You know when you’re making a recipe using a flour that you’ve never really used before and you’re convinced that once you put the cookies in the oven, they’re going to spread into one giant disaster-cookie? So you get really cranky and annoyed but then they end up turning out totally normal and prove that brown rice flour may not be as scary as you thought? No? Oh.
Well on that note, these are gluten and (almost- if it weren’t for the cinnamon chips) dairy free, but you’d never know! I’ve wanted to try Hershey’s Cinnamon Baking Chips for quite some time, and we finally found each other!
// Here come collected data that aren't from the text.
(* Let $R$ be a commutative unital ring which is Noetherian and quasi-Euclidean, and let $M$ be a finitely generated $R$-module whose minimal number of generators is $\mathrm{rk}_R(M)$. Then for every integer $n > \mathrm{rk}_R(M)$, the action of $\mathrm{E}_n(R)$ on $\mathrm{Um}_n(M)$ by matrix right-multiplication is transitive.
   Context: A ring $R$ is quasi-Euclidean if for every $n \ge 2$ and every $\mathbf{r} = (r_1,\dots,r_n) \in R^n$ there exist $E \in \mathrm{E}_n(R)$ and $d \in R$ with $(d,0,\dots,0) = \mathbf{r}E$. $\mathrm{E}_n(R)$ is the subgroup of $\mathrm{GL}_n(R)$ generated by the elementary matrices (matrices differing from the identity in a single off-diagonal entry). $\mathrm{Um}_n(M)$ is the set of $\mathbf{m}=(m_1,\dots,m_n)\in M^n$ whose components generate $M$, and a matrix $A$ acts by $(\mathbf{m}A)_j = \sum_i m_i A_{ij}$. *)

theory Defs
  imports Complex_Main
begin

(* Square n x n matrices over R are represented as functions nat => nat => 'r,
   only the entries with indices < n being relevant; vectors as functions nat => _,
   only the components with index < n being relevant. *)

definition mat_mult :: "nat \<Rightarrow> (nat \<Rightarrow> nat \<Rightarrow> 'r::comm_ring_1) \<Rightarrow> (nat \<Rightarrow> nat \<Rightarrow> 'r) \<Rightarrow> (nat \<Rightarrow> nat \<Rightarrow> 'r)" where
  "mat_mult n A B = (\<lambda>i k. \<Sum>j<n. A i j * B j k)"

definition id_mat :: "nat \<Rightarrow> nat \<Rightarrow> 'r::comm_ring_1" where
  "id_mat = (\<lambda>i j. if i = j then 1 else 0)"

definition elem_mat :: "nat \<Rightarrow> nat \<Rightarrow> 'r::comm_ring_1 \<Rightarrow> nat \<Rightarrow> nat \<Rightarrow> 'r" where
  "elem_mat p q a = (\<lambda>i j. if i = p \<and> j = q then a else id_mat i j)"

(* E_n(R): the subgroup of GL_n(R) generated by the elementary matrices.  Since the inverse
   of an elementary matrix elem_mat p q a is elem_mat p q (-a), the submonoid generated by
   the elementary matrices is already this subgroup. *)
inductive_set E_group :: "nat \<Rightarrow> (nat \<Rightarrow> nat \<Rightarrow> 'r::comm_ring_1) set" for n :: nat where
  E_id: "id_mat \<in> E_group n"
| E_step: "A \<in> E_group n \<Longrightarrow> p < n \<Longrightarrow> q < n \<Longrightarrow> p \<noteq> q
            \<Longrightarrow> mat_mult n A (elem_mat p q a) \<in> E_group n"

definition vec_mat_mult :: "nat \<Rightarrow> (nat \<Rightarrow> 'r::comm_ring_1) \<Rightarrow> (nat \<Rightarrow> nat \<Rightarrow> 'r) \<Rightarrow> nat \<Rightarrow> 'r" where
  "vec_mat_mult n r A = (\<lambda>j. \<Sum>i<n. r i * A i j)"

definition quasi_euclidean :: "'r::comm_ring_1 itself \<Rightarrow> bool" where
  "quasi_euclidean _ \<longleftrightarrow>
     (\<forall>n \<ge> 2. \<forall>r :: nat \<Rightarrow> 'r. \<exists>E \<in> E_group n. \<exists>d.
        \<forall>j<n. vec_mat_mult n r E j = (if j = 0 then d else 0))"

definition noetherian_ring :: "'r::comm_ring_1 itself \<Rightarrow> bool" where
  "noetherian_ring _ \<longleftrightarrow>
     (\<forall>I :: 'r set. module.subspace ((*) :: 'r \<Rightarrow> 'r \<Rightarrow> 'r) I \<longrightarrow>
        (\<exists>S. finite S \<and> module.span ((*) :: 'r \<Rightarrow> 'r \<Rightarrow> 'r) S = I))"

definition fin_gen_module :: "('r::comm_ring_1 \<Rightarrow> 'm::ab_group_add \<Rightarrow> 'm) \<Rightarrow> bool" where
  "fin_gen_module scale \<longleftrightarrow> (\<exists>S. finite S \<and> module.span scale S = UNIV)"

definition module_rank :: "('r::comm_ring_1 \<Rightarrow> 'm::ab_group_add \<Rightarrow> 'm) \<Rightarrow> nat" where
  "module_rank scale = (LEAST k. \<exists>S. finite S \<and> card S = k \<and> module.span scale S = UNIV)"

definition Um :: "('r::comm_ring_1 \<Rightarrow> 'm::ab_group_add \<Rightarrow> 'm) \<Rightarrow> nat \<Rightarrow> (nat \<Rightarrow> 'm) set" where
  "Um scale n = {m. module.span scale (m ` {..<n}) = UNIV}"

definition mod_vec_mat :: "('r::comm_ring_1 \<Rightarrow> 'm::ab_group_add \<Rightarrow> 'm) \<Rightarrow> nat \<Rightarrow> (nat \<Rightarrow> 'm) \<Rightarrow> (nat \<Rightarrow> nat \<Rightarrow> 'r) \<Rightarrow> nat \<Rightarrow> 'm" where
  "mod_vec_mat scale n m A = (\<lambda>j. \<Sum>i<n. scale (A i j) (m i))"

end

theory Submission imports Defs begin

text \<open>Fix generators g_0, ..., g_(k-1) of M, where k = rk M < n. Every unimodular n-tuple is
  E_n-equivalent to the normal form (g_0, ..., g_(k-1), 0, ..., 0), whence transitivity. The
  normal form is reached modulo a submodule N, by induction on k: modulo N + R h with h = g_(k-1)
  the tuple is already (g_0, ..., g_(k-2), 0, ..., 0), so modulo N its entries are these plus
  multiples r_j h. The quasi-Euclidean property turns (r_(k-1), ..., r_(n-1)) into (d, 0, ..., 0);
  as k < n this leaves an entry lying in N, to which unimodularity lets us add a copy of h, and
  this copy clears all remaining coefficients.\<close>

lemma mat_mult_elem_mat:
  assumes "j < n" "p < n" "p \<noteq> q"
  shows "mat_mult n A (elem_mat p q a) i j = A i j + (if j = q then A i p * a else 0)"
proof -
  have "mat_mult n A (elem_mat p q a) i j
      = (\<Sum>l<n. (if l = p \<and> j = q then A i p * a else 0) + (if l = j then A i j else 0))"
    unfolding mat_mult_def elem_mat_def id_mat_def
    by (rule sum.cong) (use assms in auto)
  also have "\<dots> = A i j + (if j = q then A i p * a else 0)"
    using assms by (simp add: sum.distrib)
  finally show ?thesis .
qed

text \<open>E_n-orbits as chains of elementary column operations (add a multiple of column p to
  column q), which makes symmetry and transitivity easy.\<close>

inductive elem_equiv :: "('a \<Rightarrow> 'b \<Rightarrow> 'b) \<Rightarrow> nat \<Rightarrow> (nat \<Rightarrow> 'b::ab_group_add) \<Rightarrow> (nat \<Rightarrow> 'b) \<Rightarrow> bool"
  for scale n where
  elem_equiv_eq: "(\<forall>j<n. y j = x j) \<Longrightarrow> elem_equiv scale n x y"
| elem_equiv_step: "elem_equiv scale n x y \<Longrightarrow> p < n \<Longrightarrow> q < n \<Longrightarrow> p \<noteq> q \<Longrightarrow>
     (\<forall>j<n. z j = (if j = q then y q + scale a (y p) else y j)) \<Longrightarrow> elem_equiv scale n x z"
The touch of cinnamon in these is perfect for the holiday season.
This recipe is adapted from this one on the Hershey’s website.
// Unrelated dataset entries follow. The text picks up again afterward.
lemma morph_inf_image_pos: "morph_inf f x (image_pos f x k) = \<alpha>"
  using occurs_at_morph_inf[of "[]" x k] by simp

lemma occurs_at_image_block: "occurs_at (f (x k)) (morph_inf f x) (image_pos f x k)"
  using occurs_at_morph_inf[of "[x k]" x k] by simp

lemma morph_inf_in_block:
  "image_pos f x k \<le> n \<Longrightarrow> n < image_pos f x (Suc k) \<Longrightarrow>
    morph_inf f x n = f (x k) ! (n - image_pos f x k)"
  using occurs_at_image_block[of x k]
  by (auto simp: occurs_at_def image_pos_Suc dest: arg_cong[of _ _ "\<lambda>l. l ! (n - image_pos f x k)"])

lemma image_pos_block_exists: "\<exists>k. image_pos f x k \<le> n \<and> n < image_pos f x (Suc k)"
proof (induction n)
  case 0
  show ?case by (intro exI[of _ 0]) (simp add: image_pos_Suc image_not_Nil)
next
  case (Suc n)
  then obtain k where k: "image_pos f x k \<le> n" "n < image_pos f x (Suc k)" by blast
  show ?case
  proof (cases "Suc n < image_pos f x (Suc k)")
    case True
    with k show ?thesis by (intro exI[of _ k]) simp
  next
    case False
    with k have "Suc n = image_pos f x (Suc k)" by simp
    then show ?thesis
      by (intro exI[of _ "Suc k"]) (simp add: image_pos_Suc[of f x "Suc k"] image_not_Nil)
  qed
qed

lemma morph_inf_eq_first_iff: "morph_inf f x n = \<alpha> \<longleftrightarrow> (\<exists>k. n = image_pos f x k)"
proof
  assume n: "morph_inf f x n = \<alpha>"
  obtain k where k: "image_pos f x k \<le> n" "n < image_pos f x (Suc k)"
    using image_pos_block_exists by blast
  obtain s where s: "f (x k) = \<alpha> # s" "\<alpha> \<notin> set s"
    using image_ConsE by blast
  show "\<exists>k. n = image_pos f x k"
  proof (rule ccontr)
    assume "\<nexists>k. n = image_pos f x k"
    then have "n \<noteq> image_pos f x k" by blast
    with k have j: "0 < n - image_pos f x k" "n - image_pos f x k - 1 < length s"
      by (auto simp: image_pos_Suc s)
    have "morph_inf f x n = s ! (n - image_pos f x k - 1)"
      using morph_inf_in_block[OF k] j(1) s(1) by (simp add: nth_Cons')
    with n j(2) s(2) show False by (metis nth_mem)
  qed
qed (auto simp: morph_inf_image_pos)

lemma morph_inf_before_image_pos:
  assumes "image_pos f x (Suc k) = Suc n"
  shows "morph_inf f x n = x k"
proof -
  have len: "0 < length (f (x k))" "image_pos f x k + length (f (x k)) = Suc n"
    using image_not_Nil assms by (simp_all add: image_pos_Suc)
  then have "image_pos f x k \<le> n" "n < image_pos f x (Suc k)"
    using assms by linarith+
  then have "morph_inf f x n = f (x k) ! (n - image_pos f x k)"
    by (rule morph_inf_in_block)
  also have "n - image_pos f x k = length (f (x k)) - 1"
    using len by linarith
  finally have "morph_inf f x n = f (x k) ! (length (f (x k)) - 1)" .
  then show ?thesis
    using last_image[of "x k"] image_not_Nil[of "x k"] by (simp add: last_conv_nth)
qed

lemma range_morph_inf: "range (morph_inf f x) = alph_img f (range x)"
proof
  show "range (morph_inf f x) \<subseteq> alph_img f (range x)"
  proof
    fix y
    assume "y \<in> range (morph_inf f x)"
    then obtain n where y: "y = morph_inf f x n" by blast
    obtain k where k: "image_pos f x k \<le> n" "n < image_pos f x (Suc k)"
      using image_pos_block_exists by blast
    then have "y = f (x k) ! (n - image_pos f x k)" "n - image_pos f x k < length (f (x k))"
      using y morph_inf_in_block by (auto simp: image_pos_Suc)
    then show "y \<in> alph_img f (range x)"
      unfolding alph_img_def by (metis UN_I nth_mem rangeI)
  qed
next
  show "alph_img f (range x) \<subseteq> range (morph_inf f x)"
    unfolding alph_img_def
    using set_subset_range_if_occurs_at[OF occurs_at_image_block] by blast
qed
Cinnamon Chip Pecan Oatmeal Cookies
Makes about 3 dozen cookies.
- 1 cup Earth Balance or butter
- 1/3 cup white sugar
- 1 cup light brown sugar
- 2 large eggs
- 1 1/2 teaspoons vanilla extract
- 1 teaspoon baking soda
- 1 1/2 cups quick cooking oats
- 2 cups brown rice flour
- 1 2/3 cups Hershey’s Cinnamon Baking Chips
- 1 cup roughly chopped pecans
- Heat oven to 350 degrees.
- Beat butter, brown sugar and granulated sugar in bowl until creamy. Add eggs and vanilla; beat well. Combine flour and baking soda; add to butter mixture, beating well. Stir in oats, cinnamon chips and pecans. Drop by heaping teaspoons unto ungreased cookie sheet.
- Bake 10-12 minutes until edges are light brown. Cool for a minute before transferring to a wire rack.
- Hide from any chubby, perma-hungry dogs in your household.